Sobre o RBI, a eurodeputada membro da Comissão do Emprego e Assuntos Sociais rejeita a implementação da proposta em Portugal e na UE porque não é a favor de que “o Estado deva entregar um cheque, de igual valor, a cada cidadão e fugir às suas responsabilidades na redistribuição da riqueza e no atenuar das assimetrias socio-económicas”.

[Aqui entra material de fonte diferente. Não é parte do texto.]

lemma powr_sum_dips_below:
  fixes p q x :: real
  assumes pq: "0 < p" "p < q" and x: "1 < x"
  obtains y where "0 < y" "y < 1" "((1 - y) / p) powr x + (y / q) powr x < (1 / q) powr x"
proof -
  (* y = 1 - s with s^(x-1) < (p/q)^x: then (s/p)^x < s/q^x, while ((1-s)/q)^x <= (1-s)/q^x *)
  define d where "d = (p / q) powr (x / (x - 1))"
  define s where "s = d / 2"
  have "d < 1 powr (x / (x - 1))"
    unfolding d_def using pq x by (intro powr_less_mono2) auto
  then have s: "0 < s" "s < 1"
    using pq by (simp_all add: s_def d_def)
  have "s powr (x - 1) < d powr (x - 1)"
    using s x by (intro powr_less_mono2) (auto simp: s_def)
  also have "\<dots> = p powr x / q powr x"
    using pq x by (simp add: d_def powr_powr powr_divide)
  finally have "s * s powr (x - 1) / p powr x < s * (p powr x / q powr x) / p powr x"
    using s pq by (intro divide_strict_right_mono mult_strict_left_mono) auto
  then have small: "(s / p) powr x < s / q powr x"
    using s pq by (simp add: powr_divide powr_mult_base)
  have "(1 - s) powr x \<le> 1 - s"
    using s x by (intro powr_le_one_le) auto
  then have "((1 - s) / q) powr x \<le> (1 - s) / q powr x"
    using s pq by (simp add: powr_divide divide_right_mono)
  with small have "(s / p) powr x + ((1 - s) / q) powr x < 1 / q powr x"
    by (simp add: diff_divide_distrib)
  then show ?thesis
    using that[of "1 - s"] s pq by (simp add: powr_divide)
qed

lemma open_subset_closure_preimage_Rats:
  fixes g :: "real \<Rightarrow> real"
  assumes S: "open S" and cont: "continuous_on S g" and inj: "inj_on g S"
  shows "S \<subseteq> closure {x \<in> S. g x \<in> \<rat>}"
proof
  fix t assume "t \<in> S"
  then obtain d where "0 < d" and ball: "ball t d \<subseteq> S"
    using S openE by blast
  show "t \<in> closure {x \<in> S. g x \<in> \<rat>}"
    unfolding closure_approachable
  proof (intro allI impI)
    fix e :: real assume "0 < e"
    define s where "s = t + min d e / 2"
    have ts: "t < s" "s - t < e"
      using \<open>0 < d\<close> \<open>0 < e\<close> by (auto simp: s_def)
    have seg: "{t..s} \<subseteq> S"
      using ball \<open>0 < d\<close> by (force simp: s_def dist_real_def)
    moreover have "t \<in> {t..s}" "s \<in> {t..s}"
      using ts by simp_all
    ultimately have "g t \<noteq> g s"
      using inj ts by (metis inj_onD subsetD less_irrefl)
    then have "min (g t) (g s) < max (g t) (g s)"
      by linarith
    then obtain \<rho> where "\<rho> \<in> \<rat>" "min (g t) (g s) < \<rho>" "\<rho> < max (g t) (g s)"
      using Rats_dense_in_real by blast
    moreover have "continuous_on (closed_segment t s) g"
      using continuous_on_subset[OF cont seg] ts by (simp add: closed_segment_eq_real_ivl)
    ultimately obtain x where "x \<in> {t..s}" "g x = \<rho>"
      using IVT'_closed_segment_real[of \<rho> g t s] ts
      by (auto simp: closed_segment_eq_real_ivl min_def max_def split: if_splits)
    then show "\<exists>x' \<in> {x \<in> S. g x \<in> \<rat>}. dist x' t < e"
      using seg ts \<open>\<rho> \<in> \<rat>\<close> by (intro bexI[of _ x]) (auto simp: dist_real_def)
  qed
qed

locale weight_pair =
  fixes a1 a2 :: int
  assumes a1_pos: "0 < a1" and a1_less_a2: "a1 < a2"
begin

abbreviation p :: real where "p \<equiv> real_of_int a1"
abbreviation q :: real where "q \<equiv> real_of_int a2"

lemma p_pos: "0 < p" and p_less_q: "p < q"
  using a1_pos a1_less_a2 by simp_all

lemma mu_ereal:
  assumes "r \<in> {0..1}"
  shows "mu a1 a2 (ereal x) r = (((1 - r) / p) powr x + (r / q) powr x) powr (1 / x)"
  using assms p_pos p_less_q by (simp add: mu_def)

lemma mu_PInfty:
  assumes "r \<in> {0..1}"
  shows "mu a1 a2 \<infinity> r = max ((1 - r) / p) (r / q)"
  using assms p_pos p_less_q by (simp add: mu_def)

lemma mu_exponent_strict_antimono:
  assumes "r \<in> {0<..<1}" "0 < s" "s < t"
  shows "mu a1 a2 t r < mu a1 a2 s r"
  unfolding mu_def using assms p_pos p_less_q by (intro tnorm_exponent_strict_antimono) auto

lemma continuous_on_mu_exponent:
  assumes "r \<in> {0<..<1}"
  shows "continuous_on {0<..} (\<lambda>t. mu a1 a2 t r)"
  unfolding mu_def using assms p_pos p_less_q by (intro continuous_on_tnorm_exponent) auto

lemma mu_one:
  assumes "r \<in> {0..1}"
  shows "mu a1 a2 1 r = (1 - r) / p + r / q"
  using mu_ereal[OF assms, of 1] assms p_pos p_less_q by (simp add: one_ereal_def)

lemma level_less_mu_one:
  assumes "r \<in> {0..<1}"
  shows "1 / q < mu a1 a2 1 r"
proof -
  have "(1 - r) / q < (1 - r) / p"
    using assms p_pos p_less_q by (intro divide_strict_left_mono) auto
  then show ?thesis
    using assms mu_one[of r] by (simp add: diff_divide_distrib)
qed

lemma r0_one: "r0 a1 a2 1 = 1"
proof -
  have "{r \<in> {0..1}. mu a1 a2 1 r = 1 / q} = {1}"
    using level_less_mu_one mu_one[of 1] by force
  then show ?thesis
    by (simp add: r0_def)
qed

lemma level_less_mu_ereal_iff:
  assumes "0 < x" "r \<in> {0..1}"
  shows "1 / q < mu a1 a2 (ereal x) r \<longleftrightarrow> (1 / q) powr x < ((1 - r) / p) powr x + (r / q) powr x"
proof -
  have "((1 / q) powr x) powr (1 / x) < (((1 - r) / p) powr x + (r / q) powr x) powr (1 / x)
      \<longleftrightarrow> (1 / q) powr x < ((1 - r) / p) powr x + (r / q) powr x"
    using assms by (intro powr_less_powr_base_iff) auto
  then show ?thesis
    using assms p_pos p_less_q by (simp add: mu_ereal powr_powr)
qed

Para Francisco Guerreiro, o debate sobre o salário mínimo “não anula o debate sobre o RBI”, mas refere que as instituições europeias e os seus decisores políticos rejeitam discutir a medida porque, acredita, “há um claro receio de que se comprove o benefício do RBI, o que retira a plataforma política a alguns partidos, tanto à esquerda como à direita, que têm as ideias e as respostas do costume”. O eurodeputado defende que as métricas de desenvolvimento humano devem passar a ser “qualitativas e não quantitativas”.

“Ainda continuamos a medir o progresso da sociedade através do PIB e a narrativa política ainda está muito assente no crescimento contínuo. Isso esbarra na ideia de perspectivar uma diferente distribuição da riqueza e de reorganizar o modelo fiscal e o estado social”, diz o ex-PAN.